Write about one of your earliest memories of being in school.I don't know how it happened.
One day, when I was still four years old, I could read. No one really taught me. I just started reading out loud one day. I loved reading stuff about states in our home set of the World Book Encyclopedia and knew the states and capitals before I started kindergarten.
It's just the way it was.
Consequently, I never had to wait for Mrs. Peterson's instructions in kindergarten before working in our workbook. The instructions were at the bottom of the page and I read them myself and whipped right through whatever we were supposed to do.
At home, I was a novelty act my dad could parade out. When his friends came over to the house, he'd have them friends a state, or a capital, and I could tell what the capital was or what state the city was a capital of.
I didn't mind that too much. These performances made my dad proud and astonishing his friends was kind of a thrill.
One day, however, Mrs. Peterson did something I didn't much like.
Our kindergarten class met in the basement of Washington Elementary school, which was the old high school and was now also the junior high. I'd never been upstairs where the big kids had classes, but one day Mrs. Peterson took me upstairs. To me, it seemed like way upstairs.
Mrs. Peterson wore a lot of perfume. I later learned she wore it to cover the smell of cigarettes. The perfume smell made me feel a little sick as we climbed the stairs, making the nausea I was feeling because of my fear of going upstairs even stronger.
My memory tells me we went to the fourth grade classroom, but I'm not sure of that.
Mrs. Peterson had a book with her and when we got to the classroom, Mrs. Peterson had me stand in front of all these big kids, she handed me the book, and told me to read out loud from it. It was a cold reading. I'd never seen the book before.
What was this about?
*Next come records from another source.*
lemma admissible_shift:
  assumes "admissible m A x" "k \<le> m"
  shows "admissible (m - k) (A * prod x {..<k}) (\<lambda>i. x (i + k))"
proof -
  have prod_split: "prod x {..<j + k} = prod x {..<k} * prod (\<lambda>i. x (i + k)) {..<j}" for j
    using prod.atLeastLessThan_concat[of 0 k "j + k" x] prod.shift_bounds_nat_ivl[of x 0 k j]
    by (simp add: atLeast0LessThan)
  have "A * prod x {..<k} * prod (\<lambda>i. x (i + k)) {..<j} \<le> sum (\<lambda>i. x (i + k)) {j..<m - k}"
    if "j < m - k" for j
  proof -
    have "A * prod x {..<j + k} \<le> sum x {j + k..<m}"
      using assms that unfolding admissible_def by auto
    then show ?thesis
      using assms(2) sum.shift_bounds_nat_ivl[of x j k "m - k"] by (simp add: prod_split mult.assoc)
  qed
  moreover have "0 < A * prod x {..<k}"
    using assms unfolding admissible_def by (intro mult_pos_pos prod_pos) auto
  moreover have "\<forall>i<m - k. 0 < x (i + k)" "\<forall>i. Suc i < m - k \<longrightarrow> x (Suc i + k) \<le> x (i + k)"
    using assms unfolding admissible_def by auto
  ultimately show ?thesis unfolding admissible_def by simp
qed

(* The extremal sequence with weight A and sum E: its prefix products follow the
  greedy levels and its last term absorbs the remainder. *)
definition comparison_seq :: "nat \<Rightarrow> real \<Rightarrow> real \<Rightarrow> nat \<Rightarrow> real" where
  "comparison_seq m A E i =
     (if i = 0 then E / (1 + A)
      else if i < m - 1 then greedy_level A E i / (1 + greedy_level A E i)
      else greedy_level A E i)"

lemma comparison_seq_pos: "0 < A \<Longrightarrow> 0 < E \<Longrightarrow> 0 < comparison_seq m A E i"
  using greedy_level_pos[of A E i] by (simp add: comparison_seq_def add_pos_pos)

lemma comparison_seq_prefix:
  assumes "0 < A" "0 < E" "1 \<le> j" "j \<le> m - 1"
  shows "sum (comparison_seq m A E) {..<j} = E - greedy_level A E j \<and>
         A * prod (comparison_seq m A E) {..<j} = greedy_level A E j"
  using assms(3,4)
proof (induction j rule: nat_induct_at_least)
  case base
  have "E - A * E / (1 + A) = E / (1 + A)" using assms(1) by (simp add: field_simps)
  then show ?case by (simp add: comparison_seq_def greedy_level_def)
next
  case (Suc j)
  define d where "d = greedy_level A E j"
  have "0 < d" using assms by (simp add: d_def greedy_level_pos)
  have "j < m - 1" using Suc.prems by simp
  then have IH: "sum (comparison_seq m A E) {..<j} = E - d"
      "A * prod (comparison_seq m A E) {..<j} = d"
    using Suc.IH by (auto simp: d_def)
  have step: "greedy_level A E (Suc j) = egyptian_step d" "comparison_seq m A E j = d / (1 + d)"
    using Suc.hyps \<open>j < m - 1\<close> by (auto simp: d_def greedy_level_Suc comparison_seq_def)
  have "egyptian_step d + d / (1 + d) = d * (1 + d) / (1 + d)"
    by (simp add: egyptian_step_def add_divide_distrib[symmetric] power2_eq_square algebra_simps)
  then have "d = egyptian_step d + d / (1 + d)" using \<open>0 < d\<close> by simp
  then show ?case using IH step by (simp add: egyptian_step_def power2_eq_square)
qed

lemma comparison_seq_total:
  assumes "0 < A" "0 < E" "2 \<le> m"
  shows "sum (comparison_seq m A E) {..<m} = E"
    and "A * prod (comparison_seq m A E) {..<m} = extremal_value m A E"
proof -
  have split: "{..<m} = insert (m - 1) {..<m - 1}" using assms(3) by auto
  have last: "comparison_seq m A E (m - 1) = greedy_level A E (m - 1)"
    using assms(3) by (simp add: comparison_seq_def)
  have prefix: "sum (comparison_seq m A E) {..<m - 1} = E - greedy_level A E (m - 1)"
      "A * prod (comparison_seq m A E) {..<m - 1} = greedy_level A E (m - 1)"
    using comparison_seq_prefix[OF assms(1,2), of "m - 1" m] assms(3) by auto
  show "sum (comparison_seq m A E) {..<m} = E"
    unfolding split using last prefix by simp
  have "A * prod (comparison_seq m A E) {..<m} =
      A * prod (comparison_seq m A E) {..<m - 1} * comparison_seq m A E (m - 1)"
    unfolding split by (simp add: mult.assoc)
  also have "\<dots> = (greedy_level A E (m - 1))\<^sup>2"
    by (simp only: prefix(2) last power2_eq_square)
  also have "\<dots> = extremal_value m A E" using assms(3) by (simp add: extremal_value_def)
  finally show "A * prod (comparison_seq m A E) {..<m} = extremal_value m A E" .
qed

(* If no prefix product reaches the greedy level, the claim follows by
  comparing with the extremal sequence through the majorisation lemma. *)
lemma extremal_inequality_unsaturated:
  assumes adm: "admissible m A x" and "2 \<le> m"
    and unsaturated: "\<forall>k. 1 \<le> k \<longrightarrow> k < m \<longrightarrow> A * prod x {..<k} < greedy_level A (sum x {..<m}) k"
  shows "extremal_value m A (sum x {..<m}) \<le> A * prod x {..<m}"
proof (rule ccontr)
  define E where "E = sum x {..<m}"
  define y where "y = comparison_seq m A E"
  have "0 < A" "\<forall>i<m. 0 < x i" "\<forall>i. Suc i < m \<longrightarrow> x (Suc i) \<le> x i"
    using adm unfolding admissible_def by auto
  moreover have "0 < E" unfolding E_def using \<open>\<forall>i<m. 0 < x i\<close> \<open>2 \<le> m\<close> by (intro sum_pos) (auto simp: lessThan_empty_iff)
  ultimately have y_pos: "\<forall>i<m. 0 < y i" by (simp add: y_def comparison_seq_pos)
  have "prod x {..<k} \<le> prod y {..<k}" if "1 \<le> k" "k < m" for k
  proof -
    have "A * prod x {..<k} < A * prod y {..<k}"
      using unsaturated comparison_seq_prefix[OF \<open>0 < A\<close> \<open>0 < E\<close>, of k m] that
      by (simp add: y_def E_def)
    with \<open>0 < A\<close> show ?thesis by simp
  qed
  moreover assume "\<not> extremal_value m A (sum x {..<m}) \<le> A * prod x {..<m}"
  then have "A * prod x {..<m} < A * prod y {..<m}"
    using comparison_seq_total(2)[OF \<open>0 < A\<close> \<open>0 < E\<close> \<open>2 \<le> m\<close>] by (simp add: y_def E_def)
  with \<open>0 < A\<close> have "prod x {..<m} < prod y {..<m}" by simp
  ultimately have "sum x {..<m} < sum y {..<m}"
    using sum_less_of_prefix_prod_le[of m x y] \<open>\<forall>i<m. 0 < x i\<close> y_pos
      \<open>\<forall>i. Suc i < m \<longrightarrow> x (Suc i) \<le> x i\<close> \<open>2 \<le> m\<close> by simp
  then show False
    using comparison_seq_total(1)[OF \<open>0 < A\<close> \<open>0 < E\<close> \<open>2 \<le> m\<close>] by (simp add: y_def E_def)
qed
Were the fourth graders being told to shape up and improve their reading because there was a squirt in kindergarten who could read and if he could do it, they ought to be able to do better work?
Was it some weird form of show and tell? Was I Mrs. Peterson's remarkable show and tell kid?
Or was it back to being a novelty act?
I don't know.
I do know I was scared to death.
Even at five years old, I had this foreboding sense that the fourth graders would hate having a punk like me paraded in front of them to read.
Even at five years old, I had visions of getting pantsed in the alley that led to Roger Pearson's house or of the big kids trapping me and putting me in a waste bin or, at the very least, being the fourth graders' most hated whippersnapper.
I read. I did what I was instructed to do. I didn't miss a single word.
I could see faces in the room darken with resentment.
I survived the aftermath. No kids hunted me down to get even.
All I know is that I hated being presented to the fourth graders as a star pupil. In later years, as I succeeded in school at the elementary level, every once in a while a parent would ask one of my friends why he couldn't be more like me and do better schoolwork or get better grades.
I hated that.
Aside from hating having my friends occasionally compared to me, no long lasting damage came from this incident and it wasn't that long before things evened out and nothing I did was that remarkable in school anymore.
But, when I think back to early memories of being in school, this one stands out.
I can't for the life of me, though, figure out what the teachers involved thought would be gained by having me demonstrate my reading prowess in front of fourth graders.
I have to just scratch my head and wonder, "What the hell?".
1 comment:
I never even heard this story. I am surprised you weren't in Ripley's Believe it or Not.